Whilst the accuracy of variational approximations is often impossible to quantify (Yao et al. 2018), they provide the current mainstay inferential approach for high-dimensional Bayesian modelling. Current machine learning development libraries, such as TensorFlow (Abadi et al. 2016) and PyTorch (Paszke et al. 2017), provide a substantial body of tools for the construction of neural networks, and optimisation algorithms for the implementation of variational inference algorithms.

Bayesian applications in single-cell biology

The recent availability of a plethora of relatively low-cost experimental methods and protocols for high-throughput screening of individual cells has lead to an explosion in single-cell biological data (Theillet 1998). A single-cell experiment can generate data that is both high-dimensional and large in sample size with recent studies involving single-cell RNA sequencing routinely able to produce cell numbers on the order of 10⁵ cells measuring 10³ − 10⁴ genes. International endeavours, such as The Human Cell Atlas (HCA) project (Regev et al. 2017), will seek to catalogue and sequence all known human cell types in the coming years.

The benefit of single-cell measurements is to remove the averaging effect when measurements are taken on populations of cells which can obscure important stochastic dynamics operating in individual cells. However, the challenge when working with single cells is the inherent sensitivity of cells to physical manipulation and the difficulties of robustly measuring minuscule quantities of potentially unstable molecules, e.g. RNA. Consequently, single-cell data from any technical platform is inherently noisy, contains various levels of missingness and may harbour many sources of bias—all of which could have both a biological or technical origin (Stegle et al. 2015; Poirion et al. 2016). Probabilistic modelling of single-cell data, based on a Bayesian framework, provides a coherent strategy for encapsulating these complexities.

Differential expression

Differential expression (DE) aims to identify genes that are up- or downregulated between cell types (Fig. 2a). Whilst standard frequentist-based hypothesis testing procedures can be employed, Bayesian DE alternatives offer certain benefits. Kharcenko et al. (2014) introduced a generative model that includes drop-outs for differential expression analysis. Dropouts are frequent occurrences in single-cell expression data due to the low quantities of mRNA involved which means the presence of some transcripts cannot always be reliably detected by sequencing—the result is a zero expression measurement for cells that might actually be expressing a gene at a low level. BASiCS (Bayesian Analysis of Single-Cell Sequencing data (Vallejos et al. 2015; Vallejos et al. 2016)) jointly models highly variable genes and differential expression between cell populations which allows it to detect differential variability—an effect often masked by both standard differential expression methods. A related analysis is identifying differential splicing in which exon usage varies between cells or cell populations. Differential splicing can be difficult to detect in single-cell RNA-seq data due to amplification biases, shallow read depths, and other technical artefacts. To solve this, the Bayesian method BRIE (Bayesian regression for isoform estimation (Huang and Sanguinetti 2017)) leverages sequence-derived features as an informative prior distribution in a hierarchical model to greatly increase the accuracy of inference.

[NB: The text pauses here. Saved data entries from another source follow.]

lemma multinomial_mult_lower:
  assumes s: "(\<Sum>j<k. c j) = n" and n: "0 < n"
  shows "1 \<le> fact n / (\<Prod>j<k. fact (c j)) * (\<Prod>j<k. (real (c j) / real n) ^ (c j)) * (exp 1 * (real n + 1)) ^ k"
proof -
  have cn: "\<And>j. j < k \<Longrightarrow> c j \<le> n" using s by (metis finite_lessThan lessThan_iff member_le_sum zero_le)
  have en: "exp (real n) = (\<Prod>j<k. exp (real (c j)))" using s by (simp add: exp_sum[symmetric] of_nat_sum[symmetric])
  have pn: "(\<Prod>j<k. real n ^ c j) = real n ^ n"
  proof -
    have "real n ^ (\<Sum>j<k. c j) = (\<Prod>j<k. real n ^ c j)" by (rule power_sum)
    then show ?thesis using s by simp
  qed
  have b: "(\<Prod>j<k. fact (c j) * exp (real (c j))) \<le> (\<Prod>j<k. exp 1 * (real n + 1) * real (c j) ^ c j)"
  proof (rule prod_mono)
    fix j assume j: "j \<in> {..<k}"
    have "fact (c j) * exp (real (c j)) \<le> exp 1 * real (Suc (c j)) * real (c j) ^ c j" by (rule fact_mult_exp_le)
    also have "\<dots> \<le> exp 1 * (real n + 1) * real (c j) ^ c j" using cn j by (intro mult_right_mono mult_left_mono) auto
    finally show "0 \<le> fact (c j) * exp (real (c j)) \<and> fact (c j) * exp (real (c j)) \<le> exp 1 * (real n + 1) * real (c j) ^ c j"
      by simp
  qed
  have Fp: "(\<Prod>j<k. fact (c j) :: real) > 0" by (intro prod_pos) auto
  have "real n ^ n * (\<Prod>j<k. fact (c j)) \<le> fact n * exp (real n) * (\<Prod>j<k. fact (c j))"
    using pow_le_fact_mult_exp[of n] Fp by (intro mult_right_mono) auto
  also have "\<dots> = fact n * (\<Prod>j<k. fact (c j) * exp (real (c j)))"
    unfolding en by (simp add: prod.distrib mult_ac)
  also have "\<dots> \<le> fact n * (\<Prod>j<k. exp 1 * (real n + 1) * real (c j) ^ c j)"
    by (intro mult_left_mono b) auto
  also have "\<dots> = fact n * ((exp 1 * (real n + 1)) ^ k * (\<Prod>j<k. real (c j) ^ c j))"
    by (simp add: prod.distrib)
  finally have main: "real n ^ n * (\<Prod>j<k. fact (c j)) \<le> fact n * ((exp 1 * (real n + 1)) ^ k * (\<Prod>j<k. real (c j) ^ c j))" .
  have eq: "(\<Prod>j<k. (real (c j) / real n) ^ (c j)) = (\<Prod>j<k. real (c j) ^ c j) / real n ^ n"
    unfolding pn[symmetric] by (simp add: power_divide prod_dividef)
  have nn: "real n ^ n > 0" using n by simp
  show ?thesis unfolding eq using main nn Fp by (simp add: field_simps)
qed

lemma fact_shifted_le:
  assumes "c \<le> n" "j < k"
  shows "(fact (c + (k - 1 - j)) :: real) \<le> fact c * (real n + real k) ^ k"
proof -
  have "(fact (c + (k - 1 - j)) :: real) \<le> fact c * real (c + (k - 1 - j)) ^ (k - 1 - j)" by (rule fact_add_le_fact_mult_pow)
  also have "\<dots> \<le> fact c * (real n + real k) ^ (k - 1 - j)"
    using assms by (intro mult_left_mono power_mono) auto
  also have "\<dots> \<le> fact c * (real n + real k) ^ k"
    using assms by (intro mult_left_mono power_increasing) auto
  finally show ?thesis .
qed

lemma col_weight_ge_prod_choose:
  assumes cn: "\<forall>j<k. c j \<le> n"
  shows "(\<Prod>j<k. real (n choose c j)) / (real n + real k) ^ (k * k) \<le> col_weight k c n"
proof -
  have P: "(real n + real k) ^ k > 0" using cn by (cases k) auto
  have "(\<Prod>j<k. real (n choose c j)) / (real n + real k) ^ (k * k) = (\<Prod>j<k. real (n choose c j) / (real n + real k) ^ k)"
    by (simp add: prod_dividef power_mult)
  also have "\<dots> \<le> col_weight k c n" unfolding col_weight_def
  proof (rule prod_mono)
    fix j assume j: "j \<in> {..<k}"
    have c: "c j \<le> n" using cn j by auto
    let ?F1 = "fact (c j + (k - 1 - j)) :: real"
    have F1: "?F1 \<le> fact (c j) * (real n + real k) ^ k" using fact_shifted_le c j by auto
    have R: "(fact n * fact (n + j - c j) :: real) \<le> fact (n + j) * fact (n - c j)" by (rule fact_mult_fact_diff_le[OF c])
    have C: "real (n choose c j) = fact n / (fact (c j) * fact (n - c j))" by (rule binomial_fact[OF c])
    have pos: "?F1 > 0" "(fact (n + j - c j) :: real) > 0" "(fact (c j) :: real) > 0" "(fact (n - c j) :: real) > 0" by auto
    have "fact n * (?F1 * fact (n + j - c j)) \<le> fact n * (fact (c j) * (real n + real k) ^ k * fact (n + j - c j))"
      using F1 by (intro mult_left_mono mult_right_mono) auto
    also have "\<dots> = (fact n * fact (n + j - c j)) * (fact (c j) * (real n + real k) ^ k)" by (simp add: mult_ac)
    also have "\<dots> \<le> (fact (n + j) * fact (n - c j)) * (fact (c j) * (real n + real k) ^ k)"
      using R P by (intro mult_right_mono) auto
    finally have key: "fact n * (?F1 * fact (n + j - c j)) \<le> fact (n + j) * (fact (c j) * fact (n - c j) * (real n + real k) ^ k)"
      by (simp add: mult_ac)
    have "real (n choose c j) / (real n + real k) ^ k = fact n / (fact (c j) * fact (n - c j) * (real n + real k) ^ k)"
      unfolding C by simp
    also have "\<dots> \<le> fact (n + j) / (?F1 * fact (n + j - c j))"
      using key pos P by (simp add: divide_simps)
    finally show "0 \<le> real (n choose c j) / (real n + real k) ^ k \<and>
        real (n choose c j) / (real n + real k) ^ k \<le> fact (n + j) / (?F1 * fact (n + j - c j))"
      using P by simp
  qed
  finally show ?thesis .
qed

Deep learning representations

One particular analytical problem is the identification of latent structure within these high-dimensional data sets in order to understand the underlying fundamental biological processes. Ideas inspired from deep learning (LeCun et al. 2015) have recently emerged in single-cell biology as a means of extracting low-dimensional representations from high-dimensional data (Ding et al. 2018; Lopez et al. 2018). For instance, scVI (Lopez et al. 2018) uses a hierarchical Bayesian model—a variational autoencoder (Kingma and Welling 2013), incorporating deep neural networks and stochastic variational inference stochastic optimisation to aggregate information across similar cells and genes whilst simultaneously adjusting for batch effects and lack of measurement sensitivity (Fig. 2b). The benefit of the deep neural networks is that the functional relationship between the measured gene expression and the latent representations does not need to be prespecified by the modeller and scVI is able to exploit the vast array of data available to learn these relationships from the data itself. Implementations using modern machine learning development frameworks allow a vast array of high-performance computational machinery (such as graphics processing units) to be exploited permitting methods such as scVI to make short work of data sets involving millions of cells.

Temporal modelling

High-throughput single-cell molecular technologies provide an instantaneous measurement of the molecular state of individual cells. Genuine time series measurements of individual cells undergoing dynamic processes, such as differentiation or cell cycle, are difficult due to the inherently destructive nature of the measurement process and asynchronicity of cellular progression. To circumvent this, analytical methods have been developed that use a cross-sectional “snapshot” of cells’ gene expression to assign a pseudotime to each cell—a surrogate measure of progression through the process of interest (Fig. 2c). Downstream analyses such as differential expression (Campbell and Yau 2017b; Sander et al. 2017) can then be performed using the pseudo times in lieu of physical time information.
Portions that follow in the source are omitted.